🤖 AI Summary
To address semantic discontinuity across paragraphs caused by segmentation-based preprocessing in long-document semantic segmentation, this paper proposes CrossFormer: an end-to-end, paragraph-level semantic segmentation model built upon the Transformer architecture. Its core innovation is a cross-fragment semantic fusion module that dynamically models implicit inter-paragraph semantic dependencies. Notably, CrossFormer is the first to directly integrate a learned semantic segmentation model into retrieval-augmented generation (RAG) systems—replacing heuristic, rule-based chunking. Leveraging self-attention and explicit cross-paragraph semantic alignment, it achieves global semantic modeling and is trained end-to-end under supervised learning.
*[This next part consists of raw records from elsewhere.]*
definition prodl :: "('a, 'b) monoid_scheme \<Rightarrow> 'a list \<Rightarrow> 'a" where
  "prodl G xs = foldr (\<lambda>x y. x \<otimes>\<^bsub>G\<^esub> y) xs \<one>\<^bsub>G\<^esub>"

definition commutator :: "('a, 'b) monoid_scheme \<Rightarrow> 'a \<Rightarrow> 'a \<Rightarrow> 'a" where
  "commutator G a b = a \<otimes>\<^bsub>G\<^esub> b \<otimes>\<^bsub>G\<^esub> inv\<^bsub>G\<^esub> a \<otimes>\<^bsub>G\<^esub> inv\<^bsub>G\<^esub> b"

text \<open>cl of the integral chain g_1 + ... + g_m (given as the list gs): the minimal number of
  commutators whose product equals some product of conjugates t_i g_i t_i^{-1};
  infinity if there is no such expression.\<close>
definition cl :: "('a, 'b) monoid_scheme \<Rightarrow> 'a list \<Rightarrow> enat" where
  "cl G gs = Inf {enat (length abs) | abs ts.
      set abs \<subseteq> carrier G \<times> carrier G \<and> set ts \<subseteq> carrier G \<and> length ts = length gs \<and>
      prodl G (map (\<lambda>(a, b). commutator G a b) abs) =
      prodl G (map (\<lambda>(t, g). t \<otimes>\<^bsub>G\<^esub> g \<otimes>\<^bsub>G\<^esub> inv\<^bsub>G\<^esub> t) (zip ts gs))}"

text \<open>scl of the integral chain g_1 + ... + g_m: the limit of cl(g_1^n + ... + g_m^n)/n,
  taken as a lim inf (this is the limit along those n for which the chain is a boundary,
  and infinity when it is never one).\<close>
definition scl :: "('a, 'b) monoid_scheme \<Rightarrow> 'a list \<Rightarrow> ereal" where
  "scl G gs = Liminf sequentially
     (\<lambda>n::nat. ereal_of_enat (cl G (map (\<lambda>g. g [^]\<^bsub>G\<^esub> n) gs)) / ereal (real n))"

text \<open>Stated on integral chains with positive coefficients; by homogeneity and the relation
  -g = g^{-1} in C_1^H this determines scl on all rational chains of C_1^H, and
  real chains are handled by continuity.\<close>
definition scl_isometric ::
  "('a, 'b) monoid_scheme \<Rightarrow> ('c, 'd) monoid_scheme \<Rightarrow> ('a \<Rightarrow> 'c) \<Rightarrow> bool" where
  "scl_isometric G1 G2 f \<longleftrightarrow>
     (\<forall>gs. set gs \<subseteq> carrier G1 \<longrightarrow> scl G2 (map f gs) = scl G1 gs)"

end

theory Submission
  imports Defs "HOL-Library.Function_Algebras" "HOL-Library.Multiset"
begin

text \<open>
  Bavard's inequality \<open>\<phi>(c) \<le> 2 D(\<phi>) scl(c)\<close> for homogeneous quasimorphisms and the isometry
  hypothesis show that the partial functional \<open>f\<^sub>* c \<mapsto> \<phi>\<^sub>1(c)\<close> on pushed-forward rational chains
  is dominated by \<open>2 D(\<phi>\<^sub>1) scl\<close> on the rational chains of \<open>G\<^sub>2\<close>. A Hahn--Banach extension
  \<open>\<Phi>\<close> over \<open>\<rat>\<close> gives \<open>\<phi>\<^sub>2(g) = \<Phi>(g)\<close>. The chains \<open>g\<^sup>n - n g\<close> and \<open>g + h - gh\<close> have scl
  \<open>0\<close> and at most \<open>1/2\<close>, so \<open>\<phi>\<^sub>2\<close> is homogeneous of defect at most \<open>D(\<phi>\<^sub>1)\<close>, and
  \<open>\<phi>\<^sub>2 \<circ> f = \<phi>\<^sub>1\<close> forces equality of the defects.
\<close>

section \<open>Hahn--Banach over the rationals\<close>

definition dominated_graph ::
  "(('i \<Rightarrow> rat) \<Rightarrow> real \<Rightarrow> bool) \<Rightarrow> (('i \<Rightarrow> rat) \<times> real) set \<Rightarrow> bool" where
  "dominated_graph P \<Gamma> \<longleftrightarrow>
     (\<forall>a x b y. (a, x) \<in> \<Gamma> \<longrightarrow> (b, y) \<in> \<Gamma> \<longrightarrow> (a + b, x + y) \<in> \<Gamma>) \<and>
     (\<forall>a x q. (a, x) \<in> \<Gamma> \<longrightarrow> ((\<lambda>i. q * a i), of_rat q * x) \<in> \<Gamma>) \<and>
     (\<forall>a x r. (a, x) \<in> \<Gamma> \<longrightarrow> P a r \<longrightarrow> x \<le> r)"

lemma dominated_graphD:
  assumes "dominated_graph P \<Gamma>"
  shows dominated_graph_add: "(a, x) \<in> \<Gamma> \<Longrightarrow> (b, y) \<in> \<Gamma> \<Longrightarrow> (a + b, x + y) \<in> \<Gamma>"
    and dominated_graph_scale: "(a, x) \<in> \<Gamma> \<Longrightarrow> ((\<lambda>i. q * a i), of_rat q * x) \<in> \<Gamma>"
    and dominated_graph_le: "(a, x) \<in> \<Gamma> \<Longrightarrow> P a r \<Longrightarrow> x \<le> r"
  using assms unfolding dominated_graph_def by blast+
(* Let $\mathcal K$ be a complex Hilbert space and $\mu$ a $\mathcal K$-Carleson measure. Then for every $x\in\mathbb R\setminus\{0\}$: $\mathcal R_\mu(-x)=\mathcal R_\mu(x)$, $\mathcal I_\mu(-x)=-\mathcal I_\mu(x)$, and $0\le\operatorname{sgn}(x)\mathcal I_\mu(x)$.
   Context: $\mathbb R_+=(0,\infty)$. $H^2(\mathbb C_+,\mathcal K)$ denotes the $\mathcal K$-valued Hardy space on the upper half plane. A $\mathcal K$-Carleson measure is a measure $\mu$ on $\mathbb R_+$ with values in the positive bounded operators on $\mathcal K$ such that $(f,g)\mapsto\int_{\mathbb R_+}\langle f(i\lambda),d\mu(\lambda)g(i\lambda)\rangle$ is a continuous sesquilinear form on $H^2(\mathbb C_+,\mathcal K)$. For $z\in\mathbb C\setminus i(-\infty,0]$, $\mathcal N_\mu(z)=\frac1\pi\int_{\mathbb R_+}\big(\frac1{\lambda-iz}-\frac\lambda{1+\lambda^2}\big)d\mu(\lambda)\in B(\mathcal K)$, $\mathcal R_\mu=\frac12(\mathcal N_\mu+\mathcal N_\mu^* )$, $\mathcal I_\mu=\frac1{2i}(\mathcal N_\mu-\mathcal N_\mu^* )$ (pointwise adjoints). *)

theory Defs
  imports "HOL-Analysis.Analysis"
begin

class complex_vector = real_vector +
  fixes scaleC :: "complex \<Rightarrow> 'a \<Rightarrow> 'a"
  assumes scaleC_add_right: "scaleC c (x + y) = scaleC c x + scaleC c y"
    and scaleC_add_left: "scaleC (c + d) x = scaleC c x + scaleC d x"
    and scaleC_scaleC: "scaleC c (scaleC d x) = scaleC (c * d) x"
    and scaleC_one: "scaleC 1 x = x"
    and scaleR_scaleC: "scaleR r x = scaleC (complex_of_real r) x"

class chilbert_space = complex_vector + banach +
  fixes cinner :: "'a \<Rightarrow> 'a \<Rightarrow> complex"
  assumes cinner_commute: "cinner x y = cnj (cinner y x)"
    and cinner_add_left: "cinner (x + y) z = cinner x z + cinner y z"
    and cinner_scaleC_left: "cinner (scaleC c x) y = cnj c * cinner x y"
    and cinner_ge_zero: "0 \<le> Re (cinner x x)"
    and cinner_eq_zero_iff: "cinner x x = 0 \<longleftrightarrow> x = 0"
    and norm_eq_sqrt_cinner: "norm x = sqrt (Re (cinner x x))"
lemma Gop_iterate_coeff:
  assumes "x \<in> {0..1}" and "y \<in> {0..1}" and "x \<noteq> y"
  shows "\<bar>x - y\<bar> powr s * fps_nth (Gop_iterate K x y) N
           = (\<Sum>u\<in>trimmed_words N K. segment_integral \<phi> (hw a b u x) (hw a b u y) powr s)"
  using assms
proof (induction K arbitrary: x y N)
  case 0
  then show ?case
    using abs_diff_powr_Sphi[OF phi_nonneg] by (simp add: trimmed_words_no_ones)
next
  case (Suc K)
  have "\<bar>x - y\<bar> powr s * fps_nth (Gop_iterate (Suc K) x y) N
      = (\<Sum>m=1..N. \<bar>gm a b m x - gm a b m y\<bar> powr s *
                     fps_nth (Gop_iterate K (gm a b m x) (gm a b m y)) (N - m))"
    using Suc.prems
    by (simp add: Gop_def sum_distrib_left abs_diff_powr_absdq mult.assoc[symmetric])
  also have "\<dots> = (\<Sum>m=1..N. \<Sum>u\<in>trimmed_words (N - m) K.
                    segment_integral \<phi> (hw a b (u @ replicate (m - 1) False @ [True]) x)
                                       (hw a b (u @ replicate (m - 1) False @ [True]) y) powr s)"
  proof (rule sum.cong[OF refl])
    fix m assume "m \<in> {1..N}"
    then have g: "gm a b m = hw a b (replicate (m - 1) False @ [True])"
      by (simp add: gm_eq_hw)
    then have "gm a b m x \<in> {0..1}" "gm a b m y \<in> {0..1}" "gm a b m x \<noteq> gm a b m y"
      using hw_in_unit hw_inj Suc.prems by auto
    from Suc.IH[OF this, of "N - m"]
    show "\<bar>gm a b m x - gm a b m y\<bar> powr s *
            fps_nth (Gop_iterate K (gm a b m x) (gm a b m y)) (N - m) =
          (\<Sum>u\<in>trimmed_words (N - m) K.
             segment_integral \<phi> (hw a b (u @ replicate (m - 1) False @ [True]) x)
                                (hw a b (u @ replicate (m - 1) False @ [True]) y) powr s)"
      by (simp add: g hw_append)
  qed
  also have "\<dots> = (\<Sum>u\<in>trimmed_words N (Suc K). segment_integral \<phi> (hw a b u x) (hw a b u y) powr s)"
    by (rule sum_trimmed_words_Suc[symmetric])
  finally show ?case .
qed

lemma qn_in_unit: "qn a n \<in> {0..1}"
  and qn_nonzero: "qn a n \<noteq> 0"
  and pmu_append_zeros:
    "pmu a b \<phi> (u @ replicate n False) = segment_integral \<phi> (hw a b u 0) (hw a b u (qn a n))"
proof -
  have an0: "(a ^^ n) 0 = 0"
    by (induction n) (simp_all add: a_zero)
  have q: "qn a n = hw a b (replicate n False) 1"
    by (simp add: qn_def hw_replicate_False)
  show "qn a n \<in> {0..1}" "qn a n \<noteq> 0"
    using hw_in_unit[of 1 "replicate n False"] hw_inj[of 0 1 "replicate n False"]
    by (simp_all add: q hw_replicate_False an0)
  have "hw a b (u @ replicate n False) ` {min 0 1..max 0 1} =
        {min (hw a b (u @ replicate n False) 0) (hw a b (u @ replicate n False) 1)
         ..max (hw a b (u @ replicate n False) 0) (hw a b (u @ replicate n False) 1)}"
    by (rule hw_image_interval) auto
  then show "pmu a b \<phi> (u @ replicate n False) = segment_integral \<phi> (hw a b u 0) (hw a b u (qn a n))"
    unfolding pmu_def segment_integral_def by (simp add: hw_append hw_replicate_False an0 qn_def)
qed

lemma series_coeff_identity:
  "(\<Sum>w\<in>words N K. pmu a b \<phi> w powr s) =
     (\<Sum>n\<le>N. qn a n powr s * fps_nth (Gop_iterate K 0 (qn a n)) (N - n))"
  unfolding sum_words_by_trailing_zeros
proof (rule sum.cong[OF refl])
  fix n
  have "(\<Sum>u\<in>trimmed_words (N - n) K. pmu a b \<phi> (u @ replicate n False) powr s) =
        (\<Sum>u\<in>trimmed_words (N - n) K. segment_integral \<phi> (hw a b u 0) (hw a b u (qn a n)) powr s)"
    by (simp only: pmu_append_zeros)
  also have "\<dots> = \<bar>0 - qn a n\<bar> powr s * fps_nth (Gop_iterate K 0 (qn a n)) (N - n)"
    by (rule Gop_iterate_coeff[symmetric]) (use qn_in_unit qn_nonzero in auto)
  also have "\<dots> = qn a n powr s * fps_nth (Gop_iterate K 0 (qn a n)) (N - n)"
    using qn_in_unit by simp
  finally show "(\<Sum>u\<in>trimmed_words (N - n) K. pmu a b \<phi> (u @ replicate n False) powr s) = \<dots>" .
qed

end

theorem theorem5p1:
  fixes c :: real and a b \<phi> :: "real \<Rightarrow> real" and s :: real
  assumes "classDR c a b"
    and "admissible_density \<phi>"
    and "s > 0"
  shows "LHS_series a b \<phi> s = RHS_series a b \<phi> s"
proof -
  from assms(1) have "strict_mono_on {0..1} a" "a ` {0..1} = {0..c}" "a 0 = 0"
    "strict_antimono_on {0..1} b" "b ` {0..1} = {c..1}" "0 < c" "c < 1"
    unfolding classDR_def bij_betw_def by blast+
  moreover have "\<forall>t\<in>{0..1}. 0 \<le> \<phi> t"
    using assms(2) unfolding admissible_density_def by (meson less_imp_le)
  ultimately have coeff: "(\<Sum>w\<in>{w. length w = N \<and> ones w = K}. pmu a b \<phi> w powr s) =
         (\<Sum>n\<le>N. qn a n powr s *
            fps_nth ((Gop a b s ^^ K) (\<lambda>x y. fps_const (Sphi \<phi> x y powr s)) 0 (qn a n)) (N - n))"
    for N K
    unfolding words_def[symmetric] by (rule series_coeff_identity)
  show ?thesis
    unfolding LHS_series_def RHS_series_def coeff ..
qed

end
theorem gauss_sum_quadratic_form:
  fixes C :: "nat \<Rightarrow> nat \<Rightarrow> 'k"
  assumes "\<forall>i<m. \<forall>j<m. C i j = C j i" and "det_fun C m \<noteq> 0"
  shows "(\<Sum>c\<in>Kn m. \<psi> (quad_form C m c / 2)) = gauss_G1 \<psi> ^ m * legendre_char (det_fun C m)"
  using assms
proof (induction m arbitrary: C)
  case 0
  have "det_fun C 0 = 1" by (rule det_fun_unitriangular) auto
  then show ?case by (simp add: quad_form_def psi_zero legendre_one)
next
  case (Suc n)
  show ?case
  proof (cases "C n n = 0")
    case False
    then show ?thesis using gauss_sum_schur_step[OF Suc.IH Suc.prems(1) False Suc.prems(2)] by blast
  next
    case True
    have "\<exists>j<n. C n j \<noteq> 0"
    proof (rule ccontr)
      assume "\<not> ?thesis"
      then have "det_fun C (Suc n) = 0" using True by (intro det_fun_zero_row[of n]) (auto simp: less_Suc_eq)
      then show False using Suc.prems by simp
    qed
    then obtain j where j: "j < n" and b: "C n j \<noteq> 0" by blast
    obtain t where t: "(\<Sum>p<Suc n. \<Sum>q<Suc n. shear n j t p n * C p q * shear n j t q n) \<noteq> 0"
      using shear_nonzero_corner[OF Suc.prems(1) j True b] by blast
    define C' where "C' = (\<lambda>i k. \<Sum>p<Suc n. \<Sum>q<Suc n. shear n j t p i * C p q * shear n j t q k)"
    have sym': "\<forall>i<Suc n. \<forall>k<Suc n. C' i k = C' k i"
      unfolding C'_def using Suc.prems(1)
      by (intro allI impI, subst sum.swap) (intro sum.cong refl; simp add: mult_ac)
    have det': "det_fun C' (Suc n) = det_fun C (Suc n)"
      unfolding C'_def det_fun_congruence det_shear[OF j] by simp
    have "(\<Sum>c\<in>Kn (Suc n). \<psi> (quad_form C (Suc n) c / 2)) =
        (\<Sum>c\<in>Kn (Suc n). \<psi> (quad_form C (Suc n) (c(j := c j + t * c n)) / 2))"
      by (rule sum_Kn_shear[OF j, symmetric])
    also have "\<dots> = (\<Sum>c\<in>Kn (Suc n). \<psi> (quad_form C' (Suc n) c / 2))"
    proof (intro sum.cong refl arg_cong[where f=\<psi>] arg_cong[where f="\<lambda>x. x / 2"])
      fix c :: "nat \<Rightarrow> 'k"
      have "quad_form C' (Suc n) c = quad_form C (Suc n) (\<lambda>p. \<Sum>i<Suc n. shear n j t p i * c i)"
        unfolding C'_def by (rule quad_form_congruence)
      also have "\<dots> = quad_form C (Suc n) (c(j := c j + t * c n))"
        using j by (intro quad_form_cong) (simp add: shear_row_sum del: sum.lessThan_Suc)
      finally show "quad_form C (Suc n) (c(j := c j + t * c n)) = quad_form C' (Suc n) c" by simp
    qed
    also have "\<dots> = gauss_G1 \<psi> ^ Suc n * legendre_char (det_fun C' (Suc n))"
      using gauss_sum_schur_step[OF Suc.IH sym'] t det' Suc.prems(2) by (simp add: C'_def)
    finally show ?thesis using det' by simp
  qed
qed
lemma box_exterior_single_large_coord:
  assumes x: "x \<in> box_exterior k R" and y: "y \<in> box_exterior k R"
    and "\<not> (\<exists>i j. i < k \<and> j < k \<and> i \<noteq> j \<and> R < \<bar>x i\<bar> \<and> R < \<bar>y j\<bar>)"
  obtains i where "i < k" "R < \<bar>x i\<bar>" "R < \<bar>y i\<bar>"
    "\<And>l. l < k \<Longrightarrow> l \<noteq> i \<Longrightarrow> \<bar>x l\<bar> \<le> R \<and> \<bar>y l\<bar> \<le> R"
proof -
  obtain i where i: "i < k" "R < \<bar>x i\<bar>"
    using x by (auto simp: box_exterior_def)
  obtain j where "j < k" "R < \<bar>y j\<bar>"
    using y by (auto simp: box_exterior_def)
  with assms(3) i have "R < \<bar>y i\<bar>"
    by (cases "i = j") blast+
  moreover have "\<bar>x l\<bar> \<le> R \<and> \<bar>y l\<bar> \<le> R" if "l < k" "l \<noteq> i" for l
  proof -
    have "\<not> R < \<bar>x l\<bar>" "\<not> R < \<bar>y l\<bar>"
      using assms(3) i \<open>R < \<bar>y i\<bar>\<close> that by blast+
    then show ?thesis
      by linarith
  qed
  ultimately show ?thesis
    using that i by blast
qed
Experiments demonstrate state-of-the-art performance on multiple public semantic segmentation benchmarks. In RAG evaluation, CrossFormer significantly improves recall quality, response coherence, and—most notably—chunk-level semantic consistency (+23.6%).
📝 Abstract
Text semantic segmentation involves partitioning a document into multiple paragraphs with continuous semantics based on the subject matter, contextual information, and document structure. Traditional approaches have typically relied on preprocessing documents into segments to address input length constraints, resulting in the loss of critical semantic information across segments. To address this, we present CrossFormer, a transformer-based model featuring a novel cross-segment fusion module that dynamically models latent semantic dependencies across document segments, substantially elevating segmentation accuracy. Additionally, CrossFormer can replace rule-based chunk methods within the Retrieval-Augmented Generation (RAG) system, producing more semantically coherent chunks that enhance its efficacy. Comprehensive evaluations confirm CrossFormer's state-of-the-art performance on public text semantic segmentation datasets, alongside considerable gains on RAG benchmarks.